DATA EXCERPTS:
>>

(* Let $(\mathcal{E},\mathcal{L},\mathcal{B})$ be a normal labelled space and $R$ a unital commutative ring. In $L_R(\mathcal{E},\mathcal{L},\mathcal{B})$: (i) if $A\in\mathcal{B}$ is non-empty then $p_A\neq 0$; (ii) if $r\in R$, $A\in\mathcal{B}$ and $rp_A=0$, then $r=0$ or $A=\emptyset$; (iii) if $A_1,\dots,A_n\in\mathcal{B}$ are non-empty and pairwise disjoint, $r_1,\dots,r_n\in R$ and $\sum_i r_ip_{A_i}=0$, then $r_i=0$ for all $i$; (iv) if $\alpha,\beta\in\mathcal{L}^*(\mathcal{E})$, $A\in\mathcal{B}$ with $A\cap r(\alpha)\cap r(\beta)\neq\emptyset$, and $0\neq r\in R$, then $rs_\alpha p_A s_\beta^*\neq 0$.
   Context: A graph $\mathcal{E}=(\mathcal{E}^0,\mathcal{E}^1,r,s)$ consists of a set of vertices $\mathcal{E}^0$, a set of edges $\mathcal{E}^1$ and maps $r,s:\mathcal{E}^1\to\mathcal{E}^0$. A finite path is a sequence $\lambda=\lambda_1\cdots\lambda_n$ of edges with $r(\lambda_i)=s(\lambda_{i+1})$, with $s(\lambda)=s(\lambda_1)$, $r(\lambda)=r(\lambda_n)$. A labelled graph $(\mathcal{E},\mathcal{L})$ is a graph with a surjective map $\mathcal{L}:\mathcal{E}^1\to\mathcal{A}$ onto a set $\mathcal{A}$ (the alphabet), extended to paths by $\mathcal{L}(\lambda)=\mathcal{L}(\lambda_1)\cdots\mathcal{L}(\lambda_n)$. $\mathcal{L}^*(\mathcal{E})$ denotes the set of words $\mathcal{L}(\lambda)$ for finite paths $\lambda$ of positive length, together with the empty word $\omega$; $|\alpha|$ is the length of a word. For $A\subseteq\mathcal{E}^0$ and $\alpha\in\mathcal{L}^*(\mathcal{E})$, $r(A,\alpha)=\{r(\lambda)\mid \mathcal{L}(\lambda)=\alpha,\ s(\lambda)\in A\}$ if $\alpha\neq\omega$ and $r(A,\omega)=A$; $r(\alpha)=r(\mathcal{E}^0,\alpha)$; $\mathcal{L}(A\mathcal{E}^1)=\{a\in\mathcal{A}\mid r(A,a)\neq\emptyset\}$. A labelled space $(\mathcal{E},\mathcal{L},\mathcal{B})$ is a labelled graph with a family $\mathcal{B}$ of subsets of $\mathcal{E}^0$ closed under finite intersections and finite unions, containing $r(\alpha)$ for all non-empty $\alpha\in\mathcal{L}^*(\mathcal{E})$, and with $r(A,\alpha)\in\mathcal{B}$ for all $A\in\mathcal{B}$, $\alpha\in\mathcal{L}^*(\mathcal{E})$. It is normal if additionally $r(A\cap B,\alpha)=r(A,\alpha)\cap r(B,\alpha)$ for all $A,B\in\mathcal{B}$ and non-empty $\alpha$, and $\mathcal{B}$ is closed under relative complements. A non-empty $A\in\mathcal{B}$ is regular if $0<|\mathcal{L}(B\mathcal{E}^1)|<\infty$ for every non-empty $B\in\mathcal{B}$ with $B\subseteq A$; $\mathcal{B}_{reg}$ is the set of regular sets together with $\emptyset$. For $\alpha\in\mathcal{L}^*(\mathcal{E})$, $\mathcal{B}_\alpha=\{A\in\mathcal{B}\mid A\subseteq r(\alpha)\}$. The Leavitt labelled path algebra $L_R(\mathcal{E},\mathcal{L},\mathcal{B})$ (for a normal labelled space and a unital commutative ring $R$) is the universal $R$-algebra generated by $\{p_A\mid A\in\mathcal{B}\}\cup\{s_a,s_a^*\mid a\in\mathcal{A}\}$ subject to: (i) $p_{A\cap B}=p_Ap_B$, $p_{A\cup B}=p_A+p_B-p_{A\cap B}$, $p_\emptyset=0$; (ii) $p_As_a=s_ap_{r(A,a)}$ and $s_a^*p_A=p_{r(A,a)}s_a^*$; (iii) $s_a^*s_a=p_{r(a)}$ and $s_b^*s_a=0$ for $b\neq a$; (iv) $s_as_a^*s_a=s_a$, $s_a^*s_as_a^*=s_a^*$; (v) $p_A=\sum_{a\in\mathcal{L}(A\mathcal{E}^1)}s_ap_{r(A,a)}s_a^*$ for every $A\in\mathcal{B}_{reg}$. For $\alpha=a_1\cdots a_n$ put $s_\alpha=s_{a_1}\cdots s_{a_n}$, $s_\alpha^*=s_{a_n}^*\cdots s_{a_1}^*$, and by convention $s_\omega p_A s_\omega^*=p_A$, $s_\omega p_A s_\beta^*=p_As_\beta^*$, etc. *)

theory Defs
  imports Main
begin

record ('v, 'e, 'a) lspace =
  verts :: "'v set"
  edges :: "'e set"
  src   :: "'e \<Rightarrow> 'v"
  rng   :: "'e \<Rightarrow> 'v"
  lab   :: "'e \<Rightarrow> 'a"
  accs  :: "'v set set"

definition alphabet :: "('v, 'e, 'a) lspace \<Rightarrow> 'a set" where
  "alphabet G = lab G ` edges G"

definition is_path :: "('v, 'e, 'a) lspace \<Rightarrow> 'e list \<Rightarrow> bool" where
  "is_path G p \<longleftrightarrow> p \<noteq> [] \<and> set p \<subseteq> edges G \<and>
     (\<forall>i. Suc i < length p \<longrightarrow> rng G (p ! i) = src G (p ! Suc i))"

definition words :: "('v, 'e, 'a) lspace \<Rightarrow> 'a list set" where
  "words G = insert [] {map (lab G) p | p. is_path G p}"

definition rset :: "('v, 'e, 'a) lspace \<Rightarrow> 'v set \<Rightarrow> 'a list \<Rightarrow> 'v set" where
  "rset G A w = (if w = [] then A
     else {rng G (last p) | p. is_path G p \<and> map (lab G) p = w \<and> src G (hd p) \<in> A})"

definition rw :: "('v, 'e, 'a) lspace \<Rightarrow> 'a list \<Rightarrow> 'v set" where
  "rw G w = rset G (verts G) w"

definition labout :: "('v, 'e, 'a) lspace \<Rightarrow> 'v set \<Rightarrow> 'a set" where
  "labout G A = {a \<in> alphabet G. rset G A [a] \<noteq> {}}"

definition labelled_space :: "('v, 'e, 'a) lspace \<Rightarrow> bool" where
  "labelled_space G \<longleftrightarrow>
     (\<forall>e \<in> edges G. src G e \<in> verts G \<and> rng G e \<in> verts G) \<and>
     accs G \<subseteq> Pow (verts G) \<and>
     (\<forall>A \<in> accs G. \<forall>B \<in> accs G. A \<inter> B \<in> accs G \<and> A \<union> B \<in> accs G) \<and>
     (\<forall>w \<in> words G. w \<noteq> [] \<longrightarrow> rw G w \<in> accs G) \<and>
     (\<forall>A \<in> accs G. \<forall>w \<in> words G. rset G A w \<in> accs G)"

definition normal_lspace :: "('v, 'e, 'a) lspace \<Rightarrow> bool" where
  "normal_lspace G \<longleftrightarrow> labelled_space G \<and>
     (\<forall>A \<in> accs G. \<forall>B \<in> accs G. \<forall>w \<in> words G. w \<noteq> [] \<longrightarrow>
        rset G (A \<inter> B) w = rset G A w \<inter> rset G B w) \<and>
     (\<forall>A \<in> accs G. \<forall>B \<in> accs G. A - B \<in> accs G)"

definition regular :: "('v, 'e, 'a) lspace \<Rightarrow> 'v set \<Rightarrow> bool" where
  "regular G A \<longleftrightarrow> A \<in> accs G \<and> A \<noteq> {} \<and>
     (\<forall>B \<in> accs G. B \<noteq> {} \<and> B \<subseteq> A \<longrightarrow>
        finite (labout G B) \<and> 0 < card (labout G B))"

definition Breg :: "('v, 'e, 'a) lspace \<Rightarrow> 'v set set" where
  "Breg G = insert {} {A. regular G A}"

text \<open>Free (noncommutative polynomial) R-algebra on the generators p_A, s_a, s_a^*.
  Elements are functions from words in the generators to coefficients; the ideal below
  is generated inside the finitely supported ones.\<close>

datatype ('v, 'a) gen = GP "'v set" | GS 'a | GSt 'a

type_synonym ('v, 'a, 'r) fa = "('v, 'a) gen list \<Rightarrow> 'r"

definition fa_zero :: "('v, 'a, 'r::comm_ring_1) fa" where
  "fa_zero = (\<lambda>w. 0)"

definition fa_add :: "('v, 'a, 'r::comm_ring_1) fa \<Rightarrow> ('v, 'a, 'r) fa \<Rightarrow> ('v, 'a, 'r) fa" where
  "fa_add f g = (\<lambda>w. f w + g w)"

definition fa_sub :: "('v, 'a, 'r::comm_ring_1) fa \<Rightarrow> ('v, 'a, 'r) fa \<Rightarrow> ('v, 'a, 'r) fa" where
  "fa_sub f g = (\<lambda>w. f w - g w)"

definition fa_smult :: "'r::comm_ring_1 \<Rightarrow> ('v, 'a, 'r) fa \<Rightarrow> ('v, 'a, 'r) fa" where
  "fa_smult c f = (\<lambda>w. c * f w)"

definition fa_mult :: "('v, 'a, 'r::comm_ring_1) fa \<Rightarrow> ('v, 'a, 'r) fa \<Rightarrow> ('v, 'a, 'r) fa" where
  "fa_mult f g = (\<lambda>w. \<Sum>i\<in>{..length w}. f (take i w) * g (drop i w))"

definition fa_sum :: "('i \<Rightarrow> ('v, 'a, 'r::comm_ring_1) fa) \<Rightarrow> 'i set \<Rightarrow> ('v, 'a, 'r) fa" where
  "fa_sum F I = (\<lambda>w. \<Sum>i\<in>I. F i w)"

definition mono :: "'r::comm_ring_1 \<Rightarrow> ('v, 'a) gen list \<Rightarrow> ('v, 'a, 'r) fa" where
  "mono c u = (\<lambda>w. if w = u then c else 0)"

definition pA :: "'v set \<Rightarrow> ('v, 'a, 'r::comm_ring_1) fa" where
  "pA A = mono 1 [GP A]"

definition sa :: "'a \<Rightarrow> ('v, 'a, 'r::comm_ring_1) fa" where
  "sa a = mono 1 [GS a]"

definition sast :: "'a \<Rightarrow> ('v, 'a, 'r::comm_ring_1) fa" where
  "sast a = mono 1 [GSt a]"

text \<open>s_alpha and s_alpha^*; for the empty word both are the unit.\<close>
definition sw :: "'a list \<Rightarrow> ('v, 'a, 'r::comm_ring_1) fa" where
  "sw w = mono 1 (map GS w)"

definition swst :: "'a list \<Rightarrow> ('v, 'a, 'r::comm_ring_1) fa" where
  "swst w = mono 1 (rev (map GSt w))"

definition rels :: "('v, 'e, 'a) lspace \<Rightarrow> ('v, 'a, 'r::comm_ring_1) fa set" where
  "rels G =
     {fa_sub (pA (A \<inter> B)) (fa_mult (pA A) (pA B)) | A B. A \<in> accs G \<and> B \<in> accs G} \<union>
     {fa_sub (pA (A \<union> B)) (fa_sub (fa_add (pA A) (pA B)) (pA (A \<inter> B))) | A B.
        A \<in> accs G \<and> B \<in> accs G} \<union>
     {pA {} | _::unit. {} \<in> accs G} \<union>
     {fa_sub (fa_mult (pA A) (sa a)) (fa_mult (sa a) (pA (rset G A [a]))) | A a.
        A \<in> accs G \<and> a \<in> alphabet G} \<union>
     {fa_sub (fa_mult (sast a) (pA A)) (fa_mult (pA (rset G A [a])) (sast a)) | A a.
        A \<in> accs G \<and> a \<in> alphabet G} \<union>
     {fa_sub (fa_mult (sast a) (sa a)) (pA (rw G [a])) | a. a \<in> alphabet G} \<union>
     {fa_mult (sast b) (sa a) | a b. a \<in> alphabet G \<and> b \<in> alphabet G \<and> b \<noteq> a} \<union>
     {fa_sub (fa_mult (fa_mult (sa a) (sast a)) (sa a)) (sa a) | a. a \<in> alphabet G} \<union>
     {fa_sub (fa_mult (fa_mult (sast a) (sa a)) (sast a)) (sast a) | a. a \<in> alphabet G} \<union>
     {fa_sub (pA A) (fa_sum (\<lambda>a. fa_mult (fa_mult (sa a) (pA (rset G A [a]))) (sast a))
                             (labout G A)) | A. A \<in> Breg G \<and> A \<in> accs G}"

<<

ABOUT THIS TASK: Would you quote everything above from the line containing "(\<forall>A \<in> accs G. \<forall>B \<in> accs G. A \<inter>" down to the line containing "(\<forall>w \<in> words"? Include both of those lines and nothing else.

WORKED SOLUTION:
     (\<forall>A \<in> accs G. \<forall>B \<in> accs G. A \<inter> B \<in> accs G \<and> A \<union> B \<in> accs G) \<and>
     (\<forall>w \<in> words G. w \<noteq> [] \<longrightarrow> rw G w \<in> accs G) \<and>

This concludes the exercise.